Stay tuned, dear blog readers. Stay tuned.

SWIMMING STUDIES: About Pools

Maybe because self is reading Swimming Studies, she starts looking up information on Land’s End and the Sutro Baths.

The magnate who developed Sutro Baths was named Sutro (Duh, but of course!).

Sutro Baths was the centerpiece of a resort bordering the Pacific. San Franciscans could get there by paying 5 cents for a trolley ride.

In a way, self understands what Sutro was aiming for, because her very own grandfather built a resort, right in the middle of sugar cane fields in Barangay Granada in Negros Occidental in the Philippines.

Self’s grandfather, like Sutro, was a populist. The most loyal patrons of Santa Fe Resort are workers. The entrance fee is still ridiculously low because self’s family understands the demographic: the patrons come from the surrounding fields, workers wanting a break. It was called Santa Fe because her grandfather loved American westerns. In addition, he had a huge crush on the American swimmer/film star Esther Williams, so there’s a statue of her in Santa Fe, in Barangay Granada.

Self’s grandfather built an Olympic-size pool which remains a major draw to this day: It was the first, and possibly still the only, Olympic-size pool in the Philippines.

Who does that? Who has such a crush on Esther Williams that he builds an Olympic-size pool in the middle of an island. Not only in the middle of an island, in the middle of sugar cane fields.

When journalists come to write about self’s island, they never mention Santa Fe Resort. It’s such an eccentric thing, the location. The fact is, it’s nowhere near a beach. Consequently, there is no tourist traffic. There are no Chinese, Japanese, South Korean, American or Europeans. In Santa Fe Resort, you will encounter Filipinos. Just Filipinos.

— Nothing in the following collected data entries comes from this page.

(* (Quotient rule.) Let $n\in\mathbb{N}$ (with $0\in\mathbb{N}$) and let $u$ and $v$ be $n$ times differentiable functions of $x$. At every point where $v\neq 0$, \[ \frac{d^n}{dx^n}\left(\frac{u}{v}\right)=n!\sum_{\ell=0}^{n}\frac{u^{(n-\ell)}}{(n-\ell)!}\sum_{\sum_i i y_{k,i}=\ell}\binom{\sum_i y_{k,i}}{y_{k,1},\ldots,y_{k,\ell}}\frac{(-1)^{\sum_i y_{k,i}}}{v^{\sum_i y_{k,i}+1}}\prod_{i=1}^{\ell}\left[\frac{v^{(i)}}{i!}\right]^{y_{k,i}}. \]
   Context: For each $\ell$, the inner sum runs over all partitions of $\ell$, each represented as a tuple $(y_{k,1},\ldots,y_{k,\ell})$ of non-negative integers with $\sum_{i=1}^{\ell} i\,y_{k,i}=\ell$; sums $\sum_i$ run over $i=1,\ldots,\ell$. For $\ell=0$ the only partition is the zero partition and the inner sum equals $1/v$. $f^{(i)}$ denotes the $i$-th derivative with respect to $x$, and $\binom{N}{a_1,\ldots,a_m}=\frac{N!}{a_1!\cdots a_m!}$ is the multinomial coefficient. *)

theory Defs
  imports "HOL-Analysis.Analysis"
begin

text \<open>Partitions of l, as multiplicity tuples (y_1,...,y_l) with sum_i i*y_i = l;
  entries outside {1..l} are forced to be 0.\<close>
definition partitions_tuples :: "nat \<Rightarrow> (nat \<Rightarrow> nat) set" where
  "partitions_tuples l = {y. (\<forall>i. i \<notin> {1..l} \<longrightarrow> y i = 0) \<and> (\<Sum>i=1..l. i * y i) = l}"

definition multinomial_coeff :: "nat \<Rightarrow> (nat \<Rightarrow> nat) \<Rightarrow> nat \<Rightarrow> real" where
  "multinomial_coeff N a m = fact N / (\<Prod>i=1..m. fact (a i))"

end

theory Submission
  imports Defs "HOL-Combinatorics.Multiset_Permutations" "HOL-Complex_Analysis.Cauchy_Integral_Formula"
begin

text \<open>Put a_i = v^(i)(x) / i! and q_i = (1/v)^(i)(x) / i!. Leibniz's rule for the product (1/v) u
  reduces the theorem to a formula for q_l, and for the product v (1/v) = 1 it shows that
  a_0 q_l + ... + a_l q_0 is 1 for l = 0 and 0 otherwise. This recursion determines q, and it is
  also satisfied by the coefficients of the formal reciprocal of the series a_0 + a_1 t + ...,
  which the geometric series expresses as a sum over compositions of l. Grouping compositions by
  the multiplicities of their parts gives the sum over partitions: the number of compositions with
  prescribed multiplicities is the multinomial coefficient.\<close>

definition higher_differentiable_on :: "nat \<Rightarrow> (real \<Rightarrow> real) \<Rightarrow> real set \<Rightarrow> bool" where
  "higher_differentiable_on n f T \<longleftrightarrow> (\<forall>k<n. \<forall>y\<in>T. (deriv ^^ k) f differentiable (at y))"

lemma higher_differentiable_on_mono:
  "higher_differentiable_on n f T \<Longrightarrow> m \<le> n \<Longrightarrow> higher_differentiable_on m f T"
  by (simp add: higher_differentiable_on_def)

lemma higher_differentiable_on_Suc:
  "higher_differentiable_on (Suc n) f T \<longleftrightarrow>
     (\<forall>y\<in>T. f differentiable (at y)) \<and> higher_differentiable_on n (deriv f) T"
  by (auto simp: higher_differentiable_on_def less_Suc_eq_0_disj funpow_Suc_right simp del: funpow.simps)

lemma higher_differentiable_on_const: "higher_differentiable_on n (\<lambda>_. c) T"
  by (simp add: higher_differentiable_on_def)

lemma higher_differentiable_on_has_field_derivative:
  assumes "higher_differentiable_on n f T" "k < n" "y \<in> T"
  shows "((deriv ^^ k) f has_field_derivative (deriv ^^ Suc k) f y) (at y)"
  using assms by (simp add: higher_differentiable_on_def DERIV_deriv_iff_real_differentiable)

lemma higher_deriv_cong_open:
  assumes "open T" "\<And>z. z \<in> T \<Longrightarrow> f z = g z" "y \<in> T"
  shows "(deriv ^^ k) f y = (deriv ^^ k) g y"
  using assms by (intro higher_deriv_cong_ev refl) (auto elim: eventually_mono[OF eventually_nhds_in_open])

lemma differentiable_at_cong_open:
  fixes f g :: "real \<Rightarrow> real"
  assumes "open T" "\<And>z. z \<in> T \<Longrightarrow> f z = g z" "y \<in> T"
  shows "f differentiable (at y) \<longleftrightarrow> g differentiable (at y)"
proof -
  have "eventually (\<lambda>z. f z = g z) (nhds y)"
    using assms by (auto elim: eventually_mono[OF eventually_nhds_in_open])
  then show ?thesis
    unfolding real_differentiable_def by (metis DERIV_cong_ev)
qed

lemma higher_differentiable_on_cong:
  assumes "open T" "\<And>z. z \<in> T \<Longrightarrow> f z = g z"
  shows "higher_differentiable_on n f T \<longleftrightarrow> higher_differentiable_on n g T"
proof -
  have "(deriv ^^ k) f differentiable (at y) \<longleftrightarrow> (deriv ^^ k) g differentiable (at y)" if "y \<in> T" for k y
    using assms that by (intro differentiable_at_cong_open[OF assms(1) _ that] higher_deriv_cong_open)
  then show ?thesis by (simp add: higher_differentiable_on_def)
qed

lemma binomial_convolution_Suc:
  fixes a b :: "nat \<Rightarrow> 'a::comm_semiring_1"
  shows "(\<Sum>i=0..k. of_nat (k choose i) * (a (Suc i) * b (k - i) + a i * b (Suc (k - i)))) =
         (\<Sum>i=0..Suc k. of_nat (Suc k choose i) * a i * b (Suc k - i))"
proof -
  have Pascal: "(\<Sum>i=0..Suc k. of_nat (Suc k choose i) * a i * b (Suc k - i)) =
        a 0 * b (Suc k) + (\<Sum>i=0..k. of_nat (k choose i) * a (Suc i) * b (k - i))
          + (\<Sum>i=0..k. of_nat (k choose Suc i) * a (Suc i) * b (k - i))"
    by (simp add: sum.atLeast0_atMost_Suc_shift sum.distrib algebra_simps del: sum.cl_ivl_Suc)
  have "(\<Sum>i=0..k. of_nat (k choose i) * a i * b (Suc (k - i))) =
        (\<Sum>i=0..Suc k. of_nat (k choose i) * a i * b (Suc k - i))"
    by (auto simp: Suc_diff_le binomial_eq_0 intro: sum.cong)
  also have "\<dots> = a 0 * b (Suc k) + (\<Sum>i=0..k. of_nat (k choose Suc i) * a (Suc i) * b (k - i))"
    by (simp add: sum.atLeast0_atMost_Suc_shift del: sum.cl_ivl_Suc)
  finally show ?thesis
    using Pascal by (simp add: sum.distrib algebra_simps)
qed
lemma fps_nth_prod_geometric_bounds:
  assumes "finite J" "\<And>j. j \<in> J \<Longrightarrow> 0 \<le> c j"
  shows "0 \<le> fps_nth (\<Prod>j\<in>J. fps_geometric (c j)) q
       \<and> fps_nth (\<Prod>j\<in>J. fps_geometric (c j)) q \<le> (\<Sum>j\<in>J. c j) ^ q"
  using assms
proof (induction J arbitrary: q rule: finite_induct)
  case (insert j J)
  define F where "F = (\<Prod>j\<in>J. fps_geometric (c j))"
  define S where "S = (\<Sum>j\<in>J. c j)"
  have F: "0 \<le> fps_nth F t" "fps_nth F t \<le> S ^ t" for t
    using insert by (auto simp: F_def S_def)
  have "0 \<le> c j" "0 \<le> S" using insert.prems by (auto simp: S_def intro: sum_nonneg)
  have coeff: "fps_nth (\<Prod>j\<in>insert j J. fps_geometric (c j)) q = (\<Sum>i=0..q. c j ^ i * fps_nth F (q - i))"
    using insert.hyps by (simp add: F_def fps_mult_nth fps_geometric_def)
  have "(\<Sum>i=0..q. c j ^ i * fps_nth F (q - i)) \<le> (\<Sum>i=0..q. of_nat (q choose i) * c j ^ i * S ^ (q - i))"
  proof (rule sum_mono)
    fix i assume "i \<in> {0..q}"
    then have "1 \<le> real (q choose i)" by (simp add: Suc_leI)
    have "c j ^ i * fps_nth F (q - i) \<le> c j ^ i * S ^ (q - i)"
      using F \<open>0 \<le> c j\<close> by (intro mult_left_mono) auto
    also have "\<dots> \<le> real (q choose i) * (c j ^ i * S ^ (q - i))"
      using mult_right_mono[OF \<open>1 \<le> real (q choose i)\<close>, of "c j ^ i * S ^ (q - i)"]
        \<open>0 \<le> c j\<close> \<open>0 \<le> S\<close> by simp
    finally show "c j ^ i * fps_nth F (q - i) \<le> of_nat (q choose i) * c j ^ i * S ^ (q - i)"
      by (simp add: mult.assoc)
  qed
  also have "\<dots> = (c j + S) ^ q" by (simp add: binomial_ring atLeast0AtMost)
  finally show ?case
    using insert.hyps F \<open>0 \<le> c j\<close> unfolding coeff S_def by (auto intro!: sum_nonneg)
qed simp
lemma recognizableI:
  fixes k :: "'a list \<Rightarrow> 'c"
  assumes "finite (range k)" "append_congruence k" "saturates k L"
  shows "recognizable L"
proof -
  define k' where "k' u = {v. k v = k u}" for u
  have k'_eq: "k' u = k' v \<longleftrightarrow> k u = k v" for u v
    unfolding k'_def by (metis (mono_tags) mem_Collect_eq)
  have "range k' = (\<lambda>c. {v. k v = c}) ` range k"
    unfolding k'_def by auto
  then have "finite (range k')"
    using assms(1) by simp
  moreover have "append_congruence k'"
    using assms(2) unfolding append_congruence_def k'_eq .
  moreover have "saturates k' L"
    using assms(3) unfolding saturates_def k'_eq .
  ultimately show ?thesis
    unfolding recognizable_def by blast
qed

lemma saturates_Compl: "saturates k L \<Longrightarrow> saturates k (- L)"
  unfolding saturates_def by simp

lemma recognizable_Compl: "recognizable L \<Longrightarrow> recognizable (- L)"
  unfolding recognizable_def using saturates_Compl by blast

lemma recognizable_Int:
  assumes "recognizable L1" "recognizable L2"
  shows "recognizable (L1 \<inter> L2)"
proof -
  obtain k1 :: "'a list \<Rightarrow> 'a list set"
    where k1: "finite (range k1)" "append_congruence k1" "saturates k1 L1"
    using assms(1) unfolding recognizable_def by blast
  obtain k2 :: "'a list \<Rightarrow> 'a list set"
    where k2: "finite (range k2)" "append_congruence k2" "saturates k2 L2"
    using assms(2) unfolding recognizable_def by blast
  let ?k = "\<lambda>u. (k1 u, k2 u)"
  have "range ?k \<subseteq> range k1 \<times> range k2"
    by auto
  then have "finite (range ?k)"
    using k1(1) k2(1) by (meson finite_SigmaI finite_subset)
  moreover have "append_congruence ?k"
    using k1(2) k2(2) unfolding append_congruence_def prod.inject by blast
  moreover have "saturates ?k (L1 \<inter> L2)"
    using k1(3) k2(3) unfolding saturates_def prod.inject all_conj_distrib by blast
  ultimately show ?thesis
    by (rule recognizableI)
qed

lemma recognizable_Un: "recognizable L1 \<Longrightarrow> recognizable L2 \<Longrightarrow> recognizable (L1 \<union> L2)"
  using recognizable_Compl recognizable_Int[of "- L1" "- L2"] by (metis compl_sup double_compl)

lemma recognizable_UNIV: "recognizable UNIV"
proof (rule recognizableI)
  show "finite (range (\<lambda>_ :: 'a list. ()))" "append_congruence (\<lambda>_ :: 'a list. ())"
    by (simp_all add: append_congruence_def)
  show "saturates (\<lambda>_. ()) UNIV"
    by (simp add: saturates_def)
qed
(* Let $V$ be a partially expanded network (as defined in the context) satisfying Properties P1, P2 and P3, with consumption values $q_v$, $v\in V$, given by P3. Suppose the discretized TDASP has a feasible solution. Then the TDASP restricted to $V$ has a feasible solution, and its optimal value (minimum of $\theta_n(t_n)$) is less than or equal to the optimal value of the discretized TDASP.
   Context: Data: activities $1,\dots,n$ with time windows $[e_i,l_i]$, functions $\tau_i$, $\rho_i$, $\theta_i(t)=t+\tau_i(t)$, and a capacity $Q$. Every $\theta_i$ is non-decreasing (FIFO property). Let $\varepsilon>0$ be such that all $e_i,l_i$ are integer multiples of $\varepsilon$, and let $T_i=\{e_i,e_i+\varepsilon,\dots,l_i\}$. The discretized TDASP (fully expanded network) is: choose $t_i\in T_i$ ($1\le i\le n$) minimising $\theta_n(t_n)$ subject to $\theta_i(t_i)\le t_{i+1}$ for $1\le i<n$ and $\sum_{i=1}^n\rho_i(t_i)\le Q$. A partially expanded network is a set $V\subseteq\{(i,t):1\le i\le n,\ t\in T_i\}$. It satisfies Property P1 if $(i,e_i)\in V$ and $(i,l_i)\in V$ for every $i$; Property P2 if for every $(i,t)\in V$ with $i<n$ and $e_{i+1}<\varepsilon\lceil\theta_i(t)/\varepsilon\rceil<l_{i+1}$ we have $(i+1,\varepsilon\lceil\theta_i(t)/\varepsilon\rceil)\in V$; Property P3 if every $(i,t)\in V$ with $t<l_i$ is assigned the value $q_{(i,t)}=\min_{\bar t\in\{t,t+\varepsilon,\dots,t'-\varepsilon\}}\rho_i(\bar t)$ where $t'>t$ is the smallest value with $(i,t')\in V$, and every $(i,l_i)\in V$ is assigned $q_{(i,l_i)}=\rho_i(l_i)$. The TDASP restricted to $V$ is: choose $(1,t_1),\dots,(n,t_n)\in V$ minimising $\theta_n(t_n)$ subject to $\theta_i(t_i)\le t_{i+1}$ for $1\le i<n$ and $\sum_{i=1}^n q_{(i,t_i)}\le Q$. *)

theory Defs
  imports Complex_Main
begin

It is a resort built by a man who only got a high school education. A resort for the people who live within a few kilometers, who are from that place.

Self spent every summer of her childhood there.

Sometimes she wonders if those summers were the reason she is a writer now. Because, her grandfather showed her: you can do anything, if you use your imagination.

It is a terrible thing is to have no imagination, to have your dreams stay small.